ENTRIES SUPPLIED:
text \<open>
  In the pointwise localization \<open>A\<close> of \<open>R\<close> at \<open>R\<close> every constant \<open>r\<close> has the pointwise inverse \<open>x\<^sub>r\<close>, so
  \<open>e = r x\<^sub>r\<close> is an idempotent lying in exactly the same primes as \<open>r\<close>. Modulo a prime
  \<open>P\<close> each \<open>x\<^sub>s\<close> is either \<open>0\<close> (if \<open>s \<in> P\<close>) or \<open>1/s\<close>, hence every element of \<open>A\<close> is
  congruent to a fraction \<open>r/c\<close> of constants with \<open>c \<notin> P\<close>; this forces a prime of \<open>A\<close> to be
  determined by which constants it contains. Two distinct primes are therefore separated by
  a constant, hence by an idempotent \<open>e\<close>, and then \<open>V(e)\<close> and \<open>V(1 - e)\<close> are disjoint
  neighbourhoods that are open both in the Zariski and in the flat topology.
\<close>

lemma poly_ring_cring: "cring (poly_ring :: ('v, 'a::comm_ring_1) mpoly ring)"
proof (rule cringI)
  show "abelian_group (poly_ring :: ('v, 'a) mpoly ring)"
    by (rule abelian_groupI) (auto simp: poly_ring_def intro: left_minus)
  show "Group.comm_monoid (poly_ring :: ('v, 'a) mpoly ring)"
    by (rule monoid.monoid_comm_monoidI)
      (auto intro!: monoidI simp: poly_ring_def mult.assoc mult.commute)
qed (auto simp: poly_ring_def distrib_right)

lemma minus_poly_ring: "a \<ominus>\<^bsub>(poly_ring :: ('v, 'a::comm_ring_1) mpoly ring)\<^esub> b = a - b"
proof -
  interpret cring "poly_ring :: ('v, 'a) mpoly ring" by (rule poly_ring_cring)
  have "\<ominus>\<^bsub>(poly_ring :: ('v, 'a) mpoly ring)\<^esub> b = - b"
    by (rule add.inv_equality) (auto simp: poly_ring_def)
  then show ?thesis by (simp add: a_minus_def poly_ring_def)
qed

lemma pconst_one [simp]: "pconst 1 = (1 :: ('v, 'a::comm_ring_1) mpoly)"
  by (simp add: pconst_def)

lemma pconst_mult: "pconst (a * b) = (pconst a * pconst b :: ('v, 'a::comm_ring_1) mpoly)"
  by (simp add: pconst_def mult_single)

lemma pconst_add: "pconst (a + b) = (pconst a + pconst b :: ('v, 'a::comm_ring_1) mpoly)"
  by (simp add: pconst_def single_add)

lemma pvar_power:
  "(pvar v ^ k :: ('v, 'a::comm_ring_1) mpoly) = Poly_Mapping.single (Poly_Mapping.single v k) 1"
proof (induct k)
  case (Suc k)
  have "Poly_Mapping.single v (Suc k) = Poly_Mapping.single v 1 + Poly_Mapping.single v k"
    by (simp add: single_add[symmetric])
  with Suc show ?case by (simp add: pvar_def mult_single)
qed simp

lemma update_eq_add_single:
  "a \<notin> Poly_Mapping.keys f \<Longrightarrow> Poly_Mapping.update a b f = f + Poly_Mapping.single a b"
  by (rule poly_mapping_eqI) (auto simp: lookup_update lookup_add lookup_single in_keys_iff when_def)

lemma mpoly_induct [case_names const var add mult]:
  fixes P :: "('v, 'a::comm_ring_1) mpoly \<Rightarrow> bool"
  assumes P_const: "\<And>c. P (pconst c)" and P_var: "\<And>v. P (pvar v)"
    and P_add: "\<And>f g. P f \<Longrightarrow> P g \<Longrightarrow> P (f + g)"
    and P_mult: "\<And>f g. P f \<Longrightarrow> P g \<Longrightarrow> P (f * g)"
  shows "P f"
proof -
  have P_one: "P 1" using P_const[of 1] by simp
  have P_monomial: "P (Poly_Mapping.single m 1)" for m :: "'v \<Rightarrow>\<^sub>0 nat"
  proof (induct m rule: update_induct)
    case (update m v k)
    have "P (pvar v ^ k)" by (induct k) (auto intro: P_one P_mult P_var)
    moreover have "Poly_Mapping.single (Poly_Mapping.update v k m) (1::'a)
        = Poly_Mapping.single m 1 * pvar v ^ k"
      using update by (simp add: update_eq_add_single mult_single pvar_power)
    ultimately show ?case using update P_mult by metis
  qed (simp add: P_one)
  have P_term: "P (Poly_Mapping.single m c)" for m c
    using P_mult[OF P_const P_monomial, of c m] by (simp add: pconst_def mult_single)
  show ?thesis
  proof (induct f rule: update_induct)
    case const
    show ?case using P_const[of 0] by (simp add: pconst_def)
  qed (simp add: update_eq_add_single P_add P_term)
qed

lemma mpoly_ex_fraction_mod_ideal:
  fixes J :: "('v, 'a::comm_ring_1) mpoly set" and D :: "'a set"
  assumes J: "ideal J poly_ring"
    and D_one: "1 \<in> D" and D_mult: "\<And>c d. c \<in> D \<Longrightarrow> d \<in> D \<Longrightarrow> c * d \<in> D"
    and pvar_fraction: "\<And>v. \<exists>c\<in>D. \<exists>r. pconst c * pvar v - pconst r \<in> J"
  shows "\<exists>c\<in>D. \<exists>r. pconst c * f - pconst r \<in> J"
proof -
  interpret J: ideal J poly_ring by (rule J)
  have J_zero: "0 \<in> J"
    using additive_subgroup.zero_closed[OF J.is_additive_subgroup] by (simp add: poly_ring_def)
  have J_add: "x + y \<in> J" if "x \<in> J" "y \<in> J" for x y
    using additive_subgroup.a_closed[OF J.is_additive_subgroup that] by (simp add: poly_ring_def)
  have J_mult: "a * x \<in> J" if "x \<in> J" for a x
    using J.I_l_closed[OF that, of a] by (simp add: poly_ring_def)
  show ?thesis
  proof (induct f rule: mpoly_induct)
    case (const a)
    have "pconst 1 * pconst a - pconst a = (0 :: ('v, 'a) mpoly)" by simp
    then show ?case using D_one J_zero by metis
  next
    case (var v)
    show ?case by (rule pvar_fraction)
  next
    case (add f g)
    then obtain c1 r1 c2 r2 where "c1 \<in> D" "pconst c1 * f - pconst r1 \<in> J"
      and "c2 \<in> D" "pconst c2 * g - pconst r2 \<in> J" by blast
    moreover have "pconst (c1 * c2) * (f + g) - pconst (c2 * r1 + c1 * r2)
      = pconst c2 * (pconst c1 * f - pconst r1) + pconst c1 * (pconst c2 * g - pconst r2)"
      by (simp add: pconst_mult pconst_add algebra_simps)
    ultimately show ?case using D_mult J_add J_mult by metis
  next
    case (mult f g)
    then obtain c1 r1 c2 r2 where "c1 \<in> D" "pconst c1 * f - pconst r1 \<in> J"
      and "c2 \<in> D" "pconst c2 * g - pconst r2 \<in> J" by blast
    moreover have "pconst (c1 * c2) * (f * g) - pconst (r1 * r2)
      = (pconst c2 * g) * (pconst c1 * f - pconst r1) + pconst r1 * (pconst c2 * g - pconst r2)"
      by (simp add: pconst_mult algebra_simps)
    ultimately show ?case using D_mult J_add J_mult by metis
  qed
qed

definition (in ring) ptwise_inverse :: "'a \<Rightarrow> 'a \<Rightarrow> bool" where
  "ptwise_inverse a b \<longleftrightarrow> a = a \<otimes> a \<otimes> b \<and> b = b \<otimes> b \<otimes> a"

lemma (in cring) ptwise_inverse_idempotent:
  assumes "a \<in> carrier R" "b \<in> carrier R" "ptwise_inverse a b"
  shows "(a \<otimes> b) \<otimes> (a \<otimes> b) = a \<otimes> b"
proof -
  have "(a \<otimes> b) \<otimes> (a \<otimes> b) = (a \<otimes> a \<otimes> b) \<otimes> b" using assms(1,2) by algebra
  then show ?thesis using assms unfolding ptwise_inverse_def by metis
qed

lemma (in cring) primeideal_ptwise_inverse:
  assumes P: "primeideal P R" and ab: "a \<in> carrier R" "b \<in> carrier R" "ptwise_inverse a b"
  shows "a \<otimes> b \<in> P \<longleftrightarrow> a \<in> P"
    and "a \<in> P \<Longrightarrow> b \<in> P"
    and "a \<notin> P \<Longrightarrow> a \<otimes> b \<ominus> \<one> \<in> P"
proof -
  interpret P: primeideal P R by (rule P)
  have a: "a = a \<otimes> (a \<otimes> b)" and b: "b = b \<otimes> b \<otimes> a"
    using ab by (simp_all add: ptwise_inverse_def m_assoc)
  show "a \<otimes> b \<in> P \<longleftrightarrow> a \<in> P"
    using a ab P.I_l_closed P.I_r_closed by (metis m_closed)
  show "a \<in> P \<Longrightarrow> b \<in> P"
    using b ab P.I_l_closed by (metis m_closed)
  assume "a \<notin> P"
  have "a \<otimes> (a \<otimes> b \<ominus> \<one>) = a \<otimes> (a \<otimes> b) \<ominus> a" using ab(1,2) by algebra
  also have "\<dots> = \<zero>" using a ab(1) by (metis minus_eq r_neg)
  finally have "a \<otimes> (a \<otimes> b \<ominus> \<one>) = \<zero>" .
  then show "a \<otimes> b \<ominus> \<one> \<in> P"
    using P.I_prime[of a "a \<otimes> b \<ominus> \<one>"] \<open>a \<notin> P\<close> ab P.zero_closed by auto
qed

TASK DETAILS:
Retype exactly, and only, the lines above from the one where "qed (simp add: update_eq_add_single" occurs up to and including the one where "proof (induct f rule: mpoly_induct)" occurs.

TASK RESPONSE:
  qed (simp add: update_eq_add_single P_add P_term)
qed

lemma mpoly_ex_fraction_mod_ideal:
  fixes J :: "('v, 'a::comm_ring_1) mpoly set" and D :: "'a set"
  assumes J: "ideal J poly_ring"
    and D_one: "1 \<in> D" and D_mult: "\<And>c d. c \<in> D \<Longrightarrow> d \<in> D \<Longrightarrow> c * d \<in> D"
    and pvar_fraction: "\<And>v. \<exists>c\<in>D. \<exists>r. pconst c * pvar v - pconst r \<in> J"
  shows "\<exists>c\<in>D. \<exists>r. pconst c * f - pconst r \<in> J"
proof -
  interpret J: ideal J poly_ring by (rule J)
  have J_zero: "0 \<in> J"
    using additive_subgroup.zero_closed[OF J.is_additive_subgroup] by (simp add: poly_ring_def)
  have J_add: "x + y \<in> J" if "x \<in> J" "y \<in> J" for x y
    using additive_subgroup.a_closed[OF J.is_additive_subgroup that] by (simp add: poly_ring_def)
  have J_mult: "a * x \<in> J" if "x \<in> J" for a x
    using J.I_l_closed[OF that, of a] by (simp add: poly_ring_def)
  show ?thesis
  proof (induct f rule: mpoly_induct)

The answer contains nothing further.